Several years ago I read an article that used research to show how the brain reacts to gain and loss. It seems the amount of pleasure we receive from a gain of say $1000 is not equal to the amount of sadness we feel about a loss of the same amount.  Our capacity for regret seems to outpace our capacity for happiness.
The article went on to show the applications for investing. Some people will hang on to a losing investment out of “loss aversion” and hope it will somehow come back to the level at which they bought it. It’s easy to think the stock remembers your purchase price and is working to get there again so you can sell. Unfortunately equities do not have memories. Others will sell a stock too soon that has gained value because they want to feel the concrete but momentary pleasure of making a bit of money and as well avoid the risk of somehow losing their profit.
Training yourself to take the loss in order to invest in something that has potential for gain seems to be going against a hard-wired bias.
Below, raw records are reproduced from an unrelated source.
lemma sigma0_eq_mean_ramanujan:
  assumes "k = 2 * s + 1" and "4 dvd s * (s + 1)"
  shows "of_rat (sigma0 k t (s + 1))
       = (1 / of_nat k) * (\<Sum>j<k. ramanujan k (t - int j ^ 2 - int (s * (s + 1) div 4)))"
proof -
  have "0 < k"
    using assms(1) by simp
  then show ?thesis
    unfolding sigma0_eq_signed_count[OF \<open>0 < k\<close>] of_rat_of_int_eq
    using signed_count_eq_sum_ramanujan[OF assms, of t] by (simp add: field_simps)
qed

lemma gauss_sum_odd_square:
  assumes "odd m" and "coprime b (int m)"
  shows "(\<Sum>x<m * m. unit_root (m * m) (b * int x ^ 2)) = of_nat m"
proof -
  \<comment> \<open>Write \<open>x = m z + y\<close>: the sum over \<open>z\<close> is a complete character sum modulo \<open>m\<close>,
    which vanishes unless \<open>m\<close> divides \<open>2 y b\<close>, i.e. unless \<open>y = 0\<close>.\<close>
  have "0 < m"
    using assms(1) by (cases m) auto
  have coprime: "coprime (int m) (2 * b)"
    using assms by (simp add: coprime_commute)
  have split: "(\<Sum>x<m * m. f x) = (\<Sum>z<m. \<Sum>y<m. f (m * z + y))" for f :: "nat \<Rightarrow> complex"
  proof -
    have "(\<Sum>x\<in>{z * m..<z * m + m}. f x) = (\<Sum>y<m. f (m * z + y))" for z
      using sum.shift_bounds_nat_ivl[of f 0 "z * m" m] by (simp add: atLeast0LessThan ac_simps)
    then show ?thesis
      by (simp flip: sum.nat_group[of _ m m])
  qed
  have factor: "unit_root (m * m) (b * int (m * z + y) ^ 2)
      = unit_root (m * m) (b * int y ^ 2) * unit_root m (int z * (2 * int y * b))" for y z
  proof -
    have "b * int (m * z + y) ^ 2
        = b * int y ^ 2 + int m * (int z * (2 * int y * b)) + int (m * m) * (b * int z ^ 2)"
      by (simp add: power2_eq_square algebra_simps)
    then show ?thesis
      by (simp only: unit_root_add unit_root_square_modulus unit_root_multiple mult_1_right)
  qed
  have "(\<Sum>x<m * m. unit_root (m * m) (b * int x ^ 2))
      = (\<Sum>y<m. \<Sum>z<m. unit_root (m * m) (b * int (m * z + y) ^ 2))"
    unfolding split by (rule sum.swap)
  also have "\<dots> = (\<Sum>y<m. unit_root (m * m) (b * int y ^ 2) * (\<Sum>z<m. unit_root m (int z * (2 * int y * b))))"
    by (simp only: factor sum_distrib_left)
  also have "\<dots> = (\<Sum>y<m. if y = 0 then of_nat m else 0)"
  proof (rule sum.cong[OF refl])
    fix y
    assume "y \<in> {..<m}"
    then have "int m dvd 2 * int y * b \<longleftrightarrow> y = 0"
      using coprime_dvd_mult_left_iff[OF coprime, of "int y"] by (auto simp: mult_ac dest: zdvd_imp_le)
    then show "unit_root (m * m) (b * int y ^ 2) * (\<Sum>z<m. unit_root m (int z * (2 * int y * b)))
        = (if y = 0 then of_nat m else 0)"
      by (simp add: sum_unit_root[OF \<open>0 < m\<close>])
  qed
  also have "\<dots> = of_nat m"
    using \<open>0 < m\<close> by simp
  finally show ?thesis .
qed

lemma sum_ramanujan_minus_squares:
  assumes "k = m ^ 2" and "odd k"
  shows "(\<Sum>j<k. ramanujan k (x - int j ^ 2)) = complex_of_real (sqrt (real k)) * ramanujan k x"
proof -
  have "k = m * m" and "odd m"
    using assms by (simp_all add: power2_eq_square)
  have "(\<Sum>j<k. ramanujan k (x - int j ^ 2))
      = (\<Sum>h | h \<in> {1..k} \<and> coprime h k. \<Sum>j<k. unit_root k (int h * (x - int j ^ 2)))"
    unfolding ramanujan_eq_sum_unit_root by (rule sum.swap)
  also have "\<dots> = (\<Sum>h | h \<in> {1..k} \<and> coprime h k. unit_root k (int h * x) * of_nat m)"
  proof (rule sum.cong[OF refl])
    fix h
    assume "h \<in> {h. h \<in> {1..k} \<and> coprime h k}"
    then have "coprime (- int h) (int m)"
      using \<open>k = m * m\<close> by simp
    have "unit_root k (int h * (x - int j ^ 2)) = unit_root k (int h * x) * unit_root k (- int h * int j ^ 2)"
      for j
      by (simp only: unit_root_add[symmetric]) (simp add: algebra_simps)
    then have "(\<Sum>j<k. unit_root k (int h * (x - int j ^ 2)))
        = unit_root k (int h * x) * (\<Sum>j<k. unit_root k (- int h * int j ^ 2))"
      by (simp only: sum_distrib_left)
    also have "\<dots> = unit_root k (int h * x) * of_nat m"
      by (simp only: \<open>k = m * m\<close> gauss_sum_odd_square[OF \<open>odd m\<close> \<open>coprime (- int h) (int m)\<close>])
    finally show "(\<Sum>j<k. unit_root k (int h * (x - int j ^ 2))) = unit_root k (int h * x) * of_nat m" .
  qed
  also have "\<dots> = of_nat m * ramanujan k x"
    by (simp add: ramanujan_eq_sum_unit_root sum_distrib_left mult.commute)
  also have "of_nat m = complex_of_real (sqrt (real k))"
    using assms(1) by simp
  finally show ?thesis .
qed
We have a hard time accepting the pain of the loss and focusing on potential rewards of a future gain. The best investors I know understand the value of limiting loss and focusing their full attention on new opportunities.
You are probably thinking I’m going to find some spiritual or moral lesson in this. Nope. I’ve just been watching my own emotions as well as those of people around me as they react to the substantial losses we have been experiencing over the last several weeks. Years of appreciation are being vaporized in a few days.
Some are giving in to panic.
Some are licking their chops (that may be a little overstated) thinking about buying opportunities.
Some are totally immobilized or angry or looking for someone (Obama, Bernanke, Greece, or Geithner) to blame.
Some have gone to bed “rich” and awakened to a market that has moved them suddenly to “not rich” and that’s a tough pill to swallow.
Some are wishing they would have given away more and secretly thinking God might have limited their losses as a result.
Others are just dealing with it and trying not to let their paper losses do any more damage to their sense of values than the paper gains did to their identity. Neither gain nor loss has changed them. It’s not fatalistic or naïve. Os Guinness used to say about the Puritans, “It is as if they had swallowed a gyroscope.”  That’s what I want to feel more than mere happiness or the impossible avoidance of loss.